lemma (in finite_measure) emeasure_distr_density_cylinder:
  fixes X :: "int \<Rightarrow> 'a \<Rightarrow> real"
  assumes [measurable]: "\<And>t. X t \<in> borel_measurable M"
    and X: "AE \<omega> in M. range (\<lambda>t. X t \<omega>) \<subseteq> {0, 1}"
    and J: "finite J" and A: "\<And>j. j \<in> J \<Longrightarrow> A j \<in> sets borel"
  shows "emeasure (distr (density M (\<lambda>\<omega>. ennreal (X r \<omega>))) path_space (\<lambda>\<omega> t. X t \<omega>))
      (prod_emb UNIV (\<lambda>_. borel) J (Pi\<^sub>E J A))
    = ennreal (\<integral>\<omega>. soft_indicator {1} (X r \<omega>) * (\<Prod>j\<in>J. soft_indicator (A j) (X j \<omega>)) \<partial>M)"
proof -
  let ?C = "prod_emb UNIV (\<lambda>_. borel) J (Pi\<^sub>E J A)"
  let ?B = "{\<omega> \<in> space M. \<forall>j\<in>J. X j \<omega> \<in> A j}"
  have C: "?C \<in> sets path_space"
    using J A by (intro sets_PiM_I) auto
  have B: "(\<lambda>\<omega> t. X t \<omega>) -` ?C \<inter> space M = ?B"
    by (auto simp: prod_emb_iff)
  have [measurable]: "?B \<in> sets M"
    unfolding B[symmetric] using C by measurable
  have "AE \<omega> in M. ennreal (X r \<omega>) * indicator ?B \<omega>
      = ennreal (soft_indicator {1} (X r \<omega>) * (\<Prod>j\<in>J. soft_indicator (A j) (X j \<omega>)))"
    using X AE_space
  proof eventually_elim
    case (elim \<omega>)
    then have X01: "X t \<omega> \<in> {0, 1}" for t
      by auto
    have "(\<Prod>j\<in>J. soft_indicator (A j) (X j \<omega>)) = indicator ?B \<omega>"
      using J elim(2) by (auto simp: soft_indicator_zero_one[OF X01] indicator_def prod_zero_iff)
    moreover have "soft_indicator {1} (X r \<omega>) = X r \<omega>"
      using X01[of r] by (auto simp: soft_indicator_zero_one)
    ultimately show ?case
      by (simp add: indicator_def)
  qed
  then have "emeasure (distr (density M (\<lambda>\<omega>. ennreal (X r \<omega>))) path_space (\<lambda>\<omega> t. X t \<omega>)) ?C
      = (\<integral>\<^sup>+\<omega>. ennreal (soft_indicator {1} (X r \<omega>) * (\<Prod>j\<in>J. soft_indicator (A j) (X j \<omega>))) \<partial>M)"
    using C by (simp add: emeasure_distr emeasure_density B nn_integral_cong_AE)
  also have "\<dots> = ennreal (\<integral>\<omega>. soft_indicator {1} (X r \<omega>) * (\<Prod>j\<in>J. soft_indicator (A j) (X j \<omega>)) \<partial>M)"
    by (intro nn_integral_eq_integral integrable_const_bound[where B=1] AE_I2)
      (auto simp: abs_mult soft_indicator_nonneg soft_indicator_le_1 prod_soft_indicator_bounds mult_le_one)
  finally show ?thesis .
qed
lemma path_colouring_or_forcing_chain:
  assumes "0 < M" "\<forall>j<M. \<exists>x\<in>A j. \<exists>y\<in>A j. x \<noteq> y"
  shows "(\<exists>z. path_colouring A M a b z) \<or> (\<exists>c. forcing_chain A M a b c)"
  using assms
proof (induction M arbitrary: a A rule: nat_induct_non_zero)
  case 1
  then obtain x y where "x \<in> A 0" "y \<in> A 0" "x \<noteq> y" by blast
  then show ?case by (rule path_colouring_or_forcing_chain_1)
next
  case (Suc M)
  let ?A = "\<lambda>j. A (Suc j)"
  have "\<forall>j<M. \<exists>x\<in>?A j. \<exists>y\<in>?A j. x \<noteq> y"
    using Suc.prems by auto
  note tail = Suc.IH[OF this]
  obtain x0 y0 where xy: "x0 \<in> A 0" "y0 \<in> A 0" "x0 \<noteq> y0"
    using Suc.prems[rule_format, of 0] by blast
  show ?case
  proof (cases "\<exists>x\<in>A 0. x \<noteq> a \<and> (\<exists>z. path_colouring ?A M x b z)")
    case True
    then obtain x z where "x \<in> A 0" "x \<noteq> a" "path_colouring ?A M x b z"
      by blast
    from path_colouring_Cons[OF this \<open>0 < M\<close>] show ?thesis
      by (intro disjI1 exI)
  next
    case False
    then have chain: "\<exists>c. forcing_chain ?A M x b c" if "x \<in> A 0" "x \<noteq> a" for x
      using tail[of x] that by blast
    obtain x where x: "x \<in> A 0" "x \<noteq> a"
      using xy by (cases "x0 = a") auto
    have "y = x" if "y \<in> A 0" "y \<noteq> a" for y
      using chain[OF x] chain[OF that] forcing_chain_start_unique by metis
    then have "A 0 \<subseteq> {a, x}"
      by blast
    moreover from this have "a \<in> A 0"
      using xy by auto
    ultimately have "A 0 = {a, x}"
      using x(1) by blast
    moreover obtain c where "forcing_chain ?A M x b c"
      using chain[OF x] by blast
    ultimately have "forcing_chain A (Suc M) a b (case_nat a c)"
      by (rule forcing_chain_Cons[OF _ not_sym[OF x(2)]])
    then show ?thesis
      by (intro disjI2 exI)
  qed
qed

definition bridge_letters :: "nat \<Rightarrow> nat \<Rightarrow> nat list \<Rightarrow> nat list \<Rightarrow> nat \<Rightarrow> nat \<Rightarrow> nat set" where
  "bridge_letters d l u v m j = {x. x \<le> d \<and> x \<noteq> u ! Suc j \<and> x \<noteq> v ! (l - m + j)}"

lemma two_bridge_letters:
  "3 \<le> d \<Longrightarrow> \<exists>x\<in>bridge_letters d l u v m j. \<exists>y\<in>bridge_letters d l u v m j. x \<noteq> y"
  unfolding bridge_letters_def by simp presburger

lemma ck_bridge_of_path_colouring:
  assumes "2 \<le> m" "\<forall>j. m \<le> j \<and> j < l \<longrightarrow> u ! j \<noteq> v ! (j - m)"
    and "path_colouring (bridge_letters d l u v m) (m - 1) (u ! (l - 1)) (v ! 0) z"
  shows "ck_bridge d l u v m z"
proof -
  have z: "\<And>j. j < m - 1 \<Longrightarrow> z j \<in> bridge_letters d l u v m j"
    "\<And>j. Suc j < m - 1 \<Longrightarrow> z j \<noteq> z (Suc j)" "z 0 \<noteq> u ! (l - 1)" "z (m - 1 - 1) \<noteq> v ! 0"
    using assms(3) unfolding path_colouring_def by auto
  have "m - 1 - 1 = m - 2" by simp
  then show ?thesis
    unfolding ck_bridge_def using z assms(1,2) by (auto simp: bridge_letters_def)
qed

What you need to do: Across the whole listing, tally the lines that include the string "prems". Reply with the number only.

Written reply: 2